Speaking of which — Spann's not too sure about the total automation-of-everything thesis.
- Though Brightside's financial assistants have "rules engines" helping them make decisions, they're still real people. That's important in finance, Spann thinks, where you need humans who can figure out "all this life context" that gets in the way of decisions.
- Brightside figures out "which things [it] can get the most investment in from automating," allowing its humans to "focus on just the relationship, and the empathy."
Overheard
- "In ecommerce, we achieved in eight weeks what it would have otherwise taken us three years to do." — Lubomira Rochet, L'Oréal's chief digital officer, said that the cosmetics company has made a dramatic shift to selling online.
- "Delivering groceries is what's next for us." — Eduardo Donnelly, Uber Eats' director for Latin America, said its Cornershop acquisition will play a key part in the company's future.
- "Arm China's existence leaves Arm sandwiched in between the world's two big powers when they are competing with each other for the next supremacy." — Market Intelligence & Consulting Institute's Shih Po-jung said the companies' current dispute highlights bigger problems.
Interview
Get venture debt — but 'hope you don't need it'
A pandemic in which thousands of businesses are struggling to pay bills seems like an odd time to voluntarily take on debt, especially for a startup. But network analytics tool Kentik recently raised $23.5 million in a mix of debt and equity.
- Debt had some significant advantages over equity, Kentik CEO Avi Freedman recently told me. "It gave us good optionality to not over-capitalize the company," he said, saying that "valuation is always the hurdle you need to get over — it's not what your company's actually worth today," and so a lower valuation can have its benefits.
- "It did limit the dilution," too, Freedman pointed out.
Freedman cautioned that debt isn't right for everyone, though.
- "Venture debt is the debt you get when you don't need it, and then hope you don't need it; and pay it back when you do the next round," Freedman said. "Basically … you're using it for runway extension and plausibility."

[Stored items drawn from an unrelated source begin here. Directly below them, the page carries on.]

theorem theorem8:
  fixes \<alpha> \<epsilon> \<delta> :: real
    and Q :: "('s \<times> 's) set"
    and \<Theta> :: "('s \<times> 'x) measure set"
    and U :: "'a::euclidean_space set"
    and \<omega> :: "'a measure"
    and M :: "'x \<Rightarrow> 'a measure"
  assumes "\<alpha> > 1"
    and priors: "\<And>\<theta> s. \<theta> \<in> \<Theta> \<Longrightarrow> prob_space \<theta> \<and> {p \<in> space \<theta>. fst p = s} \<in> sets \<theta>"
    and kernel: "\<And>\<theta>. \<theta> \<in> \<Theta> \<Longrightarrow> (\<lambda>p. M (snd p)) \<in> \<theta> \<rightarrow>\<^sub>M prob_algebra borel"
    and "U \<subseteq> sphere 0 1"
    and "prob_space \<omega>" and "sets \<omega> = sets borel" and "AE u in \<omega>. u \<in> U"
    and "ave_SRPP \<alpha> \<epsilon> \<omega> Q \<Theta> M"
    and "0 < \<delta>" and "\<delta> < 1"
  shows "ave_SPP (\<epsilon> + ln (1 / \<delta>) / (\<alpha> - 1)) \<delta> \<omega> Q \<Theta> M"
  unfolding ave_SPP_def
proof (intro ballI impI, clarify)
  fix \<theta> si sj
  assume \<theta>: "\<theta> \<in> \<Theta>" and "(si, sj) \<in> Q" and si: "0 < secret_marg \<theta> si" and sj: "0 < secret_marg \<theta> sj"
  define Pi where "Pi u = slice_push u (cond_out \<theta> M si)" for u
  define Pj where "Pj u = slice_push u (cond_out \<theta> M sj)" for u
  have srpp: "enn2ereal (\<integral>\<^sup>+u. e2ennreal (renyi_div \<alpha> (Pi u) (Pj u)) \<partial>\<omega>) \<le> ereal \<epsilon>"
    using \<open>ave_SRPP \<alpha> \<epsilon> \<omega> Q \<Theta> M\<close> \<theta> \<open>(si, sj) \<in> Q\<close> si sj
    unfolding ave_SRPP_def Pi_def Pj_def by auto
  have cond: "prob_space (cond_out \<theta> M s) \<and> sets (cond_out \<theta> M s) = sets borel"
    if "0 < secret_marg \<theta> s" for s
    using priors[OF \<theta>, of s] kernel[OF \<theta>] that by (simp add: prob_space_cond_out sets_cond_out)
  have "prob_space (Pi u)" "prob_space (Pj u)" "sets (Pi u) = sets (Pj u)" for u
    unfolding Pi_def Pj_def using cond[OF si] cond[OF sj]
    by (simp_all add: prob_space_slice_push sets_slice_push)
  then have pointwise: "e2ennreal (approx_max_div \<delta> (Pi u) (Pj u))
      \<le> e2ennreal (renyi_div \<alpha> (Pi u) (Pj u)) + ennreal (ln (1 / \<delta>) / (\<alpha> - 1))" for u
    using assms(1,9,10) by (intro approx_max_div_le_renyi_div) simp_all
  have shift: "0 \<le> ln (1 / \<delta>) / (\<alpha> - 1)"
    using assms(1,9,10) by simp
  show "enn2ereal (\<integral>\<^sup>+u. e2ennreal (approx_max_div \<delta> (slice_push u (cond_out \<theta> M si))
                                  (slice_push u (cond_out \<theta> M sj))) \<partial>\<omega>)
      \<le> ereal (\<epsilon> + ln (1 / \<delta>) / (\<alpha> - 1))"
    unfolding Pi_def[symmetric] Pj_def[symmetric]
    by (rule enn2ereal_nn_integral_le_add_const[OF \<open>prob_space \<omega>\<close> pointwise shift srpp])
qed

end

- Now felt like a good time for Kentik to raise debt, he said, because the company understands its business's economics well enough to be "confident" that it can pay the loan back. Freedman said any founder looking to raise debt should be similarly confident about the fundamentals of their business.
His other advice? "Be very careful of … subjective covenants," Freedman said.
- "If you're going to take debt and you're going to be using it for more than just runway extension, then it's important to be very clear with your provider what are the circumstances on which they could pull it early."
- MAC clauses and investor abandonment clauses are two to watch out for, he said.
As for Kentik's actual product, the company has helped customers stay online during a period of unprecedented traffic.
- That demand has shifted executives' priorities, Freedman said. The "less hot area of BCDR [Business Continuity and Disaster Recovery] has become increasingly an area of focus," he said, adding that for many companies, "this is a summer of planning."
Closing Bell
eBay execs go ham
You might have seen the dramatic headlines about six former eBay executives who have been charged with intense cyberstalking against a newsletter writer. If you haven't, this quote sums up all you need to know: "After the bloody pig mask was delivered, the editor received a message saying: 'DO I HAVE UR ATTENTION NOW????'" There was also a pig fetus, that "thankfully was never sent." Remind me to never write bad things about eBay.